(Data records)
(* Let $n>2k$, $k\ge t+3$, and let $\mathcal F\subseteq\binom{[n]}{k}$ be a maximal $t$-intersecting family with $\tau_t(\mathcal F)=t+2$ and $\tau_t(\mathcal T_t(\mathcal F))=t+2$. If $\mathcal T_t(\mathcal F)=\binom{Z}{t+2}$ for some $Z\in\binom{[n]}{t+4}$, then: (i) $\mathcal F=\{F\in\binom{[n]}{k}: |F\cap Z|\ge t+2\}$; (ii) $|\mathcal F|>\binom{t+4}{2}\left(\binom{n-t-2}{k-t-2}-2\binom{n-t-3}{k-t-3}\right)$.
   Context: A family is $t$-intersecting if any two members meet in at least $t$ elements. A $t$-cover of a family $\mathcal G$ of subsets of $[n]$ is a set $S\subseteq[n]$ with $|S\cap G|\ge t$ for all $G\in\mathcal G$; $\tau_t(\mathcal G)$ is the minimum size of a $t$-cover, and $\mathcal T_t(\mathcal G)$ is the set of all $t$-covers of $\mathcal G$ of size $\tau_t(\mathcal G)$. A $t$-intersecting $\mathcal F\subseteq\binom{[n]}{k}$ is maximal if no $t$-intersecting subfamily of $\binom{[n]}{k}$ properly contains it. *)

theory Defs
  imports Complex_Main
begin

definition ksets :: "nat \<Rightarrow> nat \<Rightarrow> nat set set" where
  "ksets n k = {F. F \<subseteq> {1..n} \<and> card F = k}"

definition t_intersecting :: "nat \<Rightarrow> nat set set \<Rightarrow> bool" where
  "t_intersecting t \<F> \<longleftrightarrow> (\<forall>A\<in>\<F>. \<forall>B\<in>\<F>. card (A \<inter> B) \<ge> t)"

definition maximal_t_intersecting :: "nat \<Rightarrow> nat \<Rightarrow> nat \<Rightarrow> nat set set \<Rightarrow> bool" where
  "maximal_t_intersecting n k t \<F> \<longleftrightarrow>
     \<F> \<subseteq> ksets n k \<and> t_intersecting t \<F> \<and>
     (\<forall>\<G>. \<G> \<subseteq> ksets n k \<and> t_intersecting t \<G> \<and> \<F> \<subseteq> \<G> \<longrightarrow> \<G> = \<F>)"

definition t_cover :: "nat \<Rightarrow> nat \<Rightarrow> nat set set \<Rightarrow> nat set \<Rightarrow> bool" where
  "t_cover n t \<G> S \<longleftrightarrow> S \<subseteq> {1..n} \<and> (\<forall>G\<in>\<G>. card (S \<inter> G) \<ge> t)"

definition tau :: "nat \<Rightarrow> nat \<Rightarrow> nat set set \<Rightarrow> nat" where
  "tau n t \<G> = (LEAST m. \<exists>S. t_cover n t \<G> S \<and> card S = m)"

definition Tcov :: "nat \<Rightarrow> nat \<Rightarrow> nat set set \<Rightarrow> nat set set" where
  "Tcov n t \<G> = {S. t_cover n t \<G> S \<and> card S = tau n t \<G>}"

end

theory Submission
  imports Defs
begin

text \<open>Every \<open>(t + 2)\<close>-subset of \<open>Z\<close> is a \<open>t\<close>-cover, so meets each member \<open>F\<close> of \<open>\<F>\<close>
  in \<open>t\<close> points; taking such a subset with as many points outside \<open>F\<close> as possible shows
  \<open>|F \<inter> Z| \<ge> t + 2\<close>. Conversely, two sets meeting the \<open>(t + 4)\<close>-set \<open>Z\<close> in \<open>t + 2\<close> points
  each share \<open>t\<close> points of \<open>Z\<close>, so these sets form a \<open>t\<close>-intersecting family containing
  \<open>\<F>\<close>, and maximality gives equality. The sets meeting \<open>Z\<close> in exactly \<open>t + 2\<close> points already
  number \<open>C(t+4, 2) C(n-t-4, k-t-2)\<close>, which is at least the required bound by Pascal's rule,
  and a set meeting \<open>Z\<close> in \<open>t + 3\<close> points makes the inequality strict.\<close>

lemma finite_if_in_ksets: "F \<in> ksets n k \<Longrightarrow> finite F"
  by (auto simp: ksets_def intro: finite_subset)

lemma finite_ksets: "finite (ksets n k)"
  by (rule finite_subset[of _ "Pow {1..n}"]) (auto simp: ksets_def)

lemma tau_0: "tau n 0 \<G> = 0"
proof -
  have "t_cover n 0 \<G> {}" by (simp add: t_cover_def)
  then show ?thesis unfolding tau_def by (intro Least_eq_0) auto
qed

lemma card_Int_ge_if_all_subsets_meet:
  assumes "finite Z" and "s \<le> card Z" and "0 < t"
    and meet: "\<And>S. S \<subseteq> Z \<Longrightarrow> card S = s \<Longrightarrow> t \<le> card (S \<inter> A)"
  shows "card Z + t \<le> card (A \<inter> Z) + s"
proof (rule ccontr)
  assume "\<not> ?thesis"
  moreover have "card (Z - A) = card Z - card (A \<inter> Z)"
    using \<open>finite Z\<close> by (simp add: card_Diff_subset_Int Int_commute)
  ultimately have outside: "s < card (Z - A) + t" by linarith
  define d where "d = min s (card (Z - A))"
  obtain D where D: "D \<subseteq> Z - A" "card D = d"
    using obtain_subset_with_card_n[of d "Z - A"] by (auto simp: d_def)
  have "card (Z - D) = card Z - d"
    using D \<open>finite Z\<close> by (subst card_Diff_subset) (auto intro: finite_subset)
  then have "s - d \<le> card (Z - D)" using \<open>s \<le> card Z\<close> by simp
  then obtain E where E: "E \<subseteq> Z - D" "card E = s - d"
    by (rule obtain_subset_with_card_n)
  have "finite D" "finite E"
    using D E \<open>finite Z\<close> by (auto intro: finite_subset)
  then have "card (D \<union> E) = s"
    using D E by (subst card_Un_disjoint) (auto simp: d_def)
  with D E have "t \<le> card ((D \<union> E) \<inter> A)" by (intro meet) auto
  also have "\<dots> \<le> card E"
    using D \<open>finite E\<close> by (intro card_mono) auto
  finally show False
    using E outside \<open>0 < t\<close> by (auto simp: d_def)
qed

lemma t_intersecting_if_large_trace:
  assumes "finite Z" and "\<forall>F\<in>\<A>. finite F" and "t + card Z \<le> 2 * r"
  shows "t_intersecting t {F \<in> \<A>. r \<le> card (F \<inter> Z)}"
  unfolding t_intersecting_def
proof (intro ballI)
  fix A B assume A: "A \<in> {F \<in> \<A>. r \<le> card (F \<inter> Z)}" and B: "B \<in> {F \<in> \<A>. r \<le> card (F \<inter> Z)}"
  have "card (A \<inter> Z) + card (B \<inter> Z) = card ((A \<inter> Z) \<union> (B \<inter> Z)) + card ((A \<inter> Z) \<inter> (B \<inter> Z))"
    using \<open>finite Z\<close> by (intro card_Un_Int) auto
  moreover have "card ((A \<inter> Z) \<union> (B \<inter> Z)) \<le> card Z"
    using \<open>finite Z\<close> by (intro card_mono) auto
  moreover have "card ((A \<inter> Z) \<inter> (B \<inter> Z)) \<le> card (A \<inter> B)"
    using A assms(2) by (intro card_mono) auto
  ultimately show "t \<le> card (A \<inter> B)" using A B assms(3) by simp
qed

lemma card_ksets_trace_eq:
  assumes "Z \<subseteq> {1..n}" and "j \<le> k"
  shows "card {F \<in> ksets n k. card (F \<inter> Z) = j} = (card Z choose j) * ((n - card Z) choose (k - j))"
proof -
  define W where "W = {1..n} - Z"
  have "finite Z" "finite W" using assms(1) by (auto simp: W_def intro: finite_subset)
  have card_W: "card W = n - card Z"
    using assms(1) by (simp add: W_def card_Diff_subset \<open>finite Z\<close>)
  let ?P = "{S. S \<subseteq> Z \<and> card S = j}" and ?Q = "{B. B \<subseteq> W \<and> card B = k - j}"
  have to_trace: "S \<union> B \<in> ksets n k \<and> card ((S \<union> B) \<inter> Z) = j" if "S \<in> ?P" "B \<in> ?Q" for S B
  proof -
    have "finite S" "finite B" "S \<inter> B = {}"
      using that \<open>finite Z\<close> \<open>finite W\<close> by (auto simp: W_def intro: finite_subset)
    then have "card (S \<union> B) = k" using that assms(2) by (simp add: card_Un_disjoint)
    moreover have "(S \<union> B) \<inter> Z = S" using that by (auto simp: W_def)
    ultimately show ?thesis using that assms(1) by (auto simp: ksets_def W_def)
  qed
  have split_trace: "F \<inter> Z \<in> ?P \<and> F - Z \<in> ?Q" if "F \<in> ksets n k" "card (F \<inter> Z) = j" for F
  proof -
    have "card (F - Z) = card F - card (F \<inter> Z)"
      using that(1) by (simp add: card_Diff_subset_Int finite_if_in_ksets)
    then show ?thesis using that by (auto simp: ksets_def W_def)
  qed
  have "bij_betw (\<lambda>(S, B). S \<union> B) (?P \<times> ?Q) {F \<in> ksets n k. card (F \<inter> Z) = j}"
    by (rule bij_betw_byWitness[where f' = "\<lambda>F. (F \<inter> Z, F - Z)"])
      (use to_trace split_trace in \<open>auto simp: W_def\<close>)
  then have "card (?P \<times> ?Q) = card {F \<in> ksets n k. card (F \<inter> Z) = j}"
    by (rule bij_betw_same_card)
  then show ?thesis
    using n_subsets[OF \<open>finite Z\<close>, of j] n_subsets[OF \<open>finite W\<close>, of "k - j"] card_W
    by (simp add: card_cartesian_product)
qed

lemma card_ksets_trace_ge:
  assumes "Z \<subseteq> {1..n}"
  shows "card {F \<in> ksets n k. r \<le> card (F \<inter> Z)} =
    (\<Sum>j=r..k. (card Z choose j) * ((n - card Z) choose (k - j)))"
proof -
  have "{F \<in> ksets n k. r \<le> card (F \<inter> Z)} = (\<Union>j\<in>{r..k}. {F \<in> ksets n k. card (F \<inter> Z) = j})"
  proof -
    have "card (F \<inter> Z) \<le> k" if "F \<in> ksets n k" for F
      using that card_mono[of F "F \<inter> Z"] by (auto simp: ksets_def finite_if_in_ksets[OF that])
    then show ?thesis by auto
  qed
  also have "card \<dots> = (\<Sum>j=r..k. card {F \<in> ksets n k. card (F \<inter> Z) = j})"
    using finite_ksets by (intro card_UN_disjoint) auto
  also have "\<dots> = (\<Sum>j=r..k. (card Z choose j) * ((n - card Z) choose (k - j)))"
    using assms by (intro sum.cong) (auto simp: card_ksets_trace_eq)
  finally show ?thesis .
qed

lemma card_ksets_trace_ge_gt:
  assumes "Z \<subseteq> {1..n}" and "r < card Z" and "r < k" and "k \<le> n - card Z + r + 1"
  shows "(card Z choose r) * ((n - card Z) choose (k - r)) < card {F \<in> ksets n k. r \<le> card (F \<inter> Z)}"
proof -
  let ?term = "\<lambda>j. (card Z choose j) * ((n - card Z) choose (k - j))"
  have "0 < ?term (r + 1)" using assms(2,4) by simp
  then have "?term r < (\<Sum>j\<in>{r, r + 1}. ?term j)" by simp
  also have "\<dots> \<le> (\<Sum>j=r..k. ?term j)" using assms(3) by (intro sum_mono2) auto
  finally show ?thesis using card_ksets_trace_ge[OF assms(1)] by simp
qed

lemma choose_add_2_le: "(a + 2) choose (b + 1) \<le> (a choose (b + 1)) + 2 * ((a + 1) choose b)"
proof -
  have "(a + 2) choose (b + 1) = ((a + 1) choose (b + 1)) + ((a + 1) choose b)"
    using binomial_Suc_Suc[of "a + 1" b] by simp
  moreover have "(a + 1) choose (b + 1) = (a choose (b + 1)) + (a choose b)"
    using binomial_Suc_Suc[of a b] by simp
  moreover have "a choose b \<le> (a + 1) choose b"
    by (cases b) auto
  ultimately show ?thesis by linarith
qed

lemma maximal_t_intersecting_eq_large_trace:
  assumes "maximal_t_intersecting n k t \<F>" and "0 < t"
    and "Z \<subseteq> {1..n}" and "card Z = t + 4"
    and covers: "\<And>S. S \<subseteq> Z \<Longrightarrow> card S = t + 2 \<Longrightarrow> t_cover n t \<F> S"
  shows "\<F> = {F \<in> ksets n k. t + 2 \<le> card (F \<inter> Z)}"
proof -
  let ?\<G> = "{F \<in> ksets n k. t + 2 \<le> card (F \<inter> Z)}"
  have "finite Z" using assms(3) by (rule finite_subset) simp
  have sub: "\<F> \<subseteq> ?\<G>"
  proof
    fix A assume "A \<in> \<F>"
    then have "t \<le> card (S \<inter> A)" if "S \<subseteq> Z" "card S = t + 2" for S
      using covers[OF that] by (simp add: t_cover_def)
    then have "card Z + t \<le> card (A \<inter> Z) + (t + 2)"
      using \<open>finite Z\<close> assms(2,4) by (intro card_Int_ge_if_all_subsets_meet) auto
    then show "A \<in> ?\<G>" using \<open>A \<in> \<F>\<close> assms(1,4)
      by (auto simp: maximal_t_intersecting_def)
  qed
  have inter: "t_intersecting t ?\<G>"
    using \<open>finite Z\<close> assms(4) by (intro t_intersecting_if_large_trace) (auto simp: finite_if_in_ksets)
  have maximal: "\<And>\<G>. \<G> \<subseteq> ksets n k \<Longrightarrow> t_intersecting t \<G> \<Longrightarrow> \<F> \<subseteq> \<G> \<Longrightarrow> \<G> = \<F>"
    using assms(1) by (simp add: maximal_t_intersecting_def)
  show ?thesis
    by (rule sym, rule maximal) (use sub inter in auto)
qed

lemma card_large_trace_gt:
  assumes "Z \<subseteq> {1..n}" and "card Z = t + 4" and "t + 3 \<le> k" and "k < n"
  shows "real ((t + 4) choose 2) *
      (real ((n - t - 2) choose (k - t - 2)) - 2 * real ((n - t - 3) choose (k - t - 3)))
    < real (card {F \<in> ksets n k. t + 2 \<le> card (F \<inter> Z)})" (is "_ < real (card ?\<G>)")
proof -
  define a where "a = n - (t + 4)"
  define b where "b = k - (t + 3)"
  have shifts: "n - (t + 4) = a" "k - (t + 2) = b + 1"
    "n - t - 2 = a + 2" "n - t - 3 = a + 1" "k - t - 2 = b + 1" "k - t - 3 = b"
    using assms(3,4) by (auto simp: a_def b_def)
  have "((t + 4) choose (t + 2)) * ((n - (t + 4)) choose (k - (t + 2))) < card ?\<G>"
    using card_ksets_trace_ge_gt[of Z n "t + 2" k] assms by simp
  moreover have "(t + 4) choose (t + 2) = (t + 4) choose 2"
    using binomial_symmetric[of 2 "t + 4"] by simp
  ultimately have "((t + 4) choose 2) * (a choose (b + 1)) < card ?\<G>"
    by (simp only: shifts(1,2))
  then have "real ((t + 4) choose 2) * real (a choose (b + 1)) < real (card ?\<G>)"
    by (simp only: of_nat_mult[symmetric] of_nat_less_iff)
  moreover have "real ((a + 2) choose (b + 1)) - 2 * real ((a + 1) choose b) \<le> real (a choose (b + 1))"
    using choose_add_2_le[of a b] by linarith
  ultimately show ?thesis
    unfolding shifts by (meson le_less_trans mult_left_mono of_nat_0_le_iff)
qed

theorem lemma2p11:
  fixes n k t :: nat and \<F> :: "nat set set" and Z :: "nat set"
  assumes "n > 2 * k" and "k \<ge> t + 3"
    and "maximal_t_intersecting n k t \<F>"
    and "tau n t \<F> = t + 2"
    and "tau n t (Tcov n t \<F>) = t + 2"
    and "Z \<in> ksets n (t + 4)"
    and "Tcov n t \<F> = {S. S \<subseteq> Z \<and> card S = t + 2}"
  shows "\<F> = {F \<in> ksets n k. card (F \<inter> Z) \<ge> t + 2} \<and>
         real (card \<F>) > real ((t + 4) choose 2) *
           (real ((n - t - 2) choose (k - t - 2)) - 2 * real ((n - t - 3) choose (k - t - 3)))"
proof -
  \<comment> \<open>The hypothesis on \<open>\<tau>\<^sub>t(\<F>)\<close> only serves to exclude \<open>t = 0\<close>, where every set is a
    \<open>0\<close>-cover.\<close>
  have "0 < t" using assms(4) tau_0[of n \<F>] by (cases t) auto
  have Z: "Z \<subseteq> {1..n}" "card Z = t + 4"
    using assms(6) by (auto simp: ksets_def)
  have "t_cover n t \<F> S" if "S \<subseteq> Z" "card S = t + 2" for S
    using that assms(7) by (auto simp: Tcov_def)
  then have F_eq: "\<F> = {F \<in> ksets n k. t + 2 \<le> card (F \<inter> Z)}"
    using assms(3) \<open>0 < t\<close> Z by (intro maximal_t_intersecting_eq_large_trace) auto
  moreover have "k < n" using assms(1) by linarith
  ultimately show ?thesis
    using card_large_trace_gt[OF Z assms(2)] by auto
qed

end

- What to do -
Across the data above, how many lines include the word "lambda"? Give only the count.

- Solution to this exercise -
3